# [WHAT IS NEEDED]
Pull out every line below containing the word "definition".
Start of INFORMATION SUPPLIED
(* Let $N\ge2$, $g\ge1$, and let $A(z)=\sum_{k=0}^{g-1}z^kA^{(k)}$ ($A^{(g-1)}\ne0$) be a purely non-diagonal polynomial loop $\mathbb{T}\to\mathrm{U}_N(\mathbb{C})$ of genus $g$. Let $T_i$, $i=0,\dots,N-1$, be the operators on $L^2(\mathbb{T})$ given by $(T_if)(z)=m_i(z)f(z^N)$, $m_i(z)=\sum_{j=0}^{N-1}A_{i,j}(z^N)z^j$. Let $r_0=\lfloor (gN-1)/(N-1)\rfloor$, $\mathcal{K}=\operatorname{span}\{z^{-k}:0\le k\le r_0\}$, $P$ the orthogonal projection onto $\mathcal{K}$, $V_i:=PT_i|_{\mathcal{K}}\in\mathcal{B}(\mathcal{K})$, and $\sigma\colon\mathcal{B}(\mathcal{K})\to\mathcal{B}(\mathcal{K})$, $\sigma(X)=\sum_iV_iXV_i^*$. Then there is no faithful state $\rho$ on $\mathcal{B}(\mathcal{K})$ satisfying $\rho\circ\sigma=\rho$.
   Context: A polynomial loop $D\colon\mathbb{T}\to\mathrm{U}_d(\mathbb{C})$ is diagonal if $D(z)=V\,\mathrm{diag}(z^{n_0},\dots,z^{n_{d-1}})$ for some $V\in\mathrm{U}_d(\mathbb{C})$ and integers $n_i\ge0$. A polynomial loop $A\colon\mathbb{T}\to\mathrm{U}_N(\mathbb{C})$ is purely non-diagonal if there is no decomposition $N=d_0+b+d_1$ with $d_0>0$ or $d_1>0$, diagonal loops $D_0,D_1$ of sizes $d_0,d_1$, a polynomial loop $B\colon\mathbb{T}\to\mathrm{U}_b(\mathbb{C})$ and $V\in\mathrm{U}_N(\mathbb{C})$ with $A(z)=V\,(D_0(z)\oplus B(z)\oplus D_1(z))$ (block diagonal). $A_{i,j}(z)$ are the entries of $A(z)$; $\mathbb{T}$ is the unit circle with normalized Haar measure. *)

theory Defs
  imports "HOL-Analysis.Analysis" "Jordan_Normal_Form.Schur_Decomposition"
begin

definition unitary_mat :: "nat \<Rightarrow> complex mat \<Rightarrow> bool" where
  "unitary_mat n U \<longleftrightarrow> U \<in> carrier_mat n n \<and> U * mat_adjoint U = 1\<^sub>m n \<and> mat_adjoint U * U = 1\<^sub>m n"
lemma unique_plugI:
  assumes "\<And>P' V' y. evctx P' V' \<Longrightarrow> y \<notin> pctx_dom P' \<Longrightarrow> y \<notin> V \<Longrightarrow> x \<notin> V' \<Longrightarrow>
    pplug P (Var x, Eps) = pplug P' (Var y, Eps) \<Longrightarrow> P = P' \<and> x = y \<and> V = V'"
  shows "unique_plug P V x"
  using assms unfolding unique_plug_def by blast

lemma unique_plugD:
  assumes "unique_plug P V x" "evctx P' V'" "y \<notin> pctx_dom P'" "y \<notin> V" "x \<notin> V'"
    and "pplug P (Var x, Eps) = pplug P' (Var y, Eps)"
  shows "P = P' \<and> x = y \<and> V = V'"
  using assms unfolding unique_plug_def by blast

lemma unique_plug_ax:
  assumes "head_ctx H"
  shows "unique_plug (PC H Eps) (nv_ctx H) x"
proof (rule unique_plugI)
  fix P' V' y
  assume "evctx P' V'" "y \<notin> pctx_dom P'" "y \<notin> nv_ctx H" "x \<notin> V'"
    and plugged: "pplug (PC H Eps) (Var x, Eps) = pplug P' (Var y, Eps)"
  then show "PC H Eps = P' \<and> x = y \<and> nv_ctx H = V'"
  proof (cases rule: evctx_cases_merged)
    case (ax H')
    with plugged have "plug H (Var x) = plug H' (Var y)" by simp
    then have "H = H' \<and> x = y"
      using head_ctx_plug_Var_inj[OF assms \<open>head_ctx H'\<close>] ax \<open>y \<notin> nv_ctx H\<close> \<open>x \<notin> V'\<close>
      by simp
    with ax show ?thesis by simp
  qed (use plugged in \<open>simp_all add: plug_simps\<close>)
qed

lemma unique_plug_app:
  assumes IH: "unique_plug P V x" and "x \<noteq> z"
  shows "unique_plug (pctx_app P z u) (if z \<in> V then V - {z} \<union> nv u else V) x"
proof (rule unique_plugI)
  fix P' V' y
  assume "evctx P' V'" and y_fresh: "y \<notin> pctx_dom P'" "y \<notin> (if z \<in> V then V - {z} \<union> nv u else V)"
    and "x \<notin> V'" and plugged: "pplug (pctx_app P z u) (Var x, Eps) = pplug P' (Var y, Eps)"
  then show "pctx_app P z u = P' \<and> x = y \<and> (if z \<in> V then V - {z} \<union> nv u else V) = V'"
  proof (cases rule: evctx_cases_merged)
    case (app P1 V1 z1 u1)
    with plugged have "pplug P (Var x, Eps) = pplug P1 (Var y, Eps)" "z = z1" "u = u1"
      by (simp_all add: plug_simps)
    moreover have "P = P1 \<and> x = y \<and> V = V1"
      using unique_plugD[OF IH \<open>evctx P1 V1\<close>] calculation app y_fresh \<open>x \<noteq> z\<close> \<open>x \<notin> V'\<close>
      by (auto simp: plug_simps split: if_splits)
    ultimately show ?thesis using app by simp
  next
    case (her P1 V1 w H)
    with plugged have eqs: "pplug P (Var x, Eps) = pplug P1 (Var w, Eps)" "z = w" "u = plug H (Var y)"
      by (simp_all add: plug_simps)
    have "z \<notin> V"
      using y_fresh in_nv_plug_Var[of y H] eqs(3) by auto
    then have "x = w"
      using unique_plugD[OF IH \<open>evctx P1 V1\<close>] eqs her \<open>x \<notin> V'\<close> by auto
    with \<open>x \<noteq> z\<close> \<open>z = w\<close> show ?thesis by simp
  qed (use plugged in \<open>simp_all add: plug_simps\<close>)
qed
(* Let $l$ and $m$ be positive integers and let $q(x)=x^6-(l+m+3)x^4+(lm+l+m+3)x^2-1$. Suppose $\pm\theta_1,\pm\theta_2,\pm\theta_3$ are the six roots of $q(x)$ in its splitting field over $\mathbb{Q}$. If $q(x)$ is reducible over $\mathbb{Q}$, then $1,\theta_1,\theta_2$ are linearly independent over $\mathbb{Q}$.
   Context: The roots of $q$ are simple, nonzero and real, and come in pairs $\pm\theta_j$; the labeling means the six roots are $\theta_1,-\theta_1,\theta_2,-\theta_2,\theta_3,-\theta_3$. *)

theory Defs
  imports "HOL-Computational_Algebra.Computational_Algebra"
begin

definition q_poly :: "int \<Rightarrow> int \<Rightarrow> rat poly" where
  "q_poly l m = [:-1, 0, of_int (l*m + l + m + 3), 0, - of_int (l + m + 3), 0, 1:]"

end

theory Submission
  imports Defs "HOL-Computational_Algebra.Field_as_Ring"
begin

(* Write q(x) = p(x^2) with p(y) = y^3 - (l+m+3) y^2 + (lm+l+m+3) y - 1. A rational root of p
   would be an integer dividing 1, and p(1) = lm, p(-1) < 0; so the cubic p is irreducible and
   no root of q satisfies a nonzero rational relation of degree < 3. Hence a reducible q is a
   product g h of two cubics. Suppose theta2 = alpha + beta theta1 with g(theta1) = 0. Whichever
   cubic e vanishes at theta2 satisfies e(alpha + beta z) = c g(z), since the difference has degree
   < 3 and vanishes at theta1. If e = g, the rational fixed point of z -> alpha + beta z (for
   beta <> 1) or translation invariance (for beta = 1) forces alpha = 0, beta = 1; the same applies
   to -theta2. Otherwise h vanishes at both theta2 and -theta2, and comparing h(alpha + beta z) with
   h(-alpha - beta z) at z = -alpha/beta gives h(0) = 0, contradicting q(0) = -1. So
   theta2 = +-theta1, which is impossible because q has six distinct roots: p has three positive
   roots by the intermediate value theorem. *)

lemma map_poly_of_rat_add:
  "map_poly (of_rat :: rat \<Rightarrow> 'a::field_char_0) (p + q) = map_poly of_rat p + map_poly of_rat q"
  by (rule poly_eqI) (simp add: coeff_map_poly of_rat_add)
End of INFORMATION SUPPLIED
# [THE ANSWER]
definition unitary_mat :: "nat \<Rightarrow> complex mat \<Rightarrow> bool" where
definition q_poly :: "int \<Rightarrow> int \<Rightarrow> rat poly" where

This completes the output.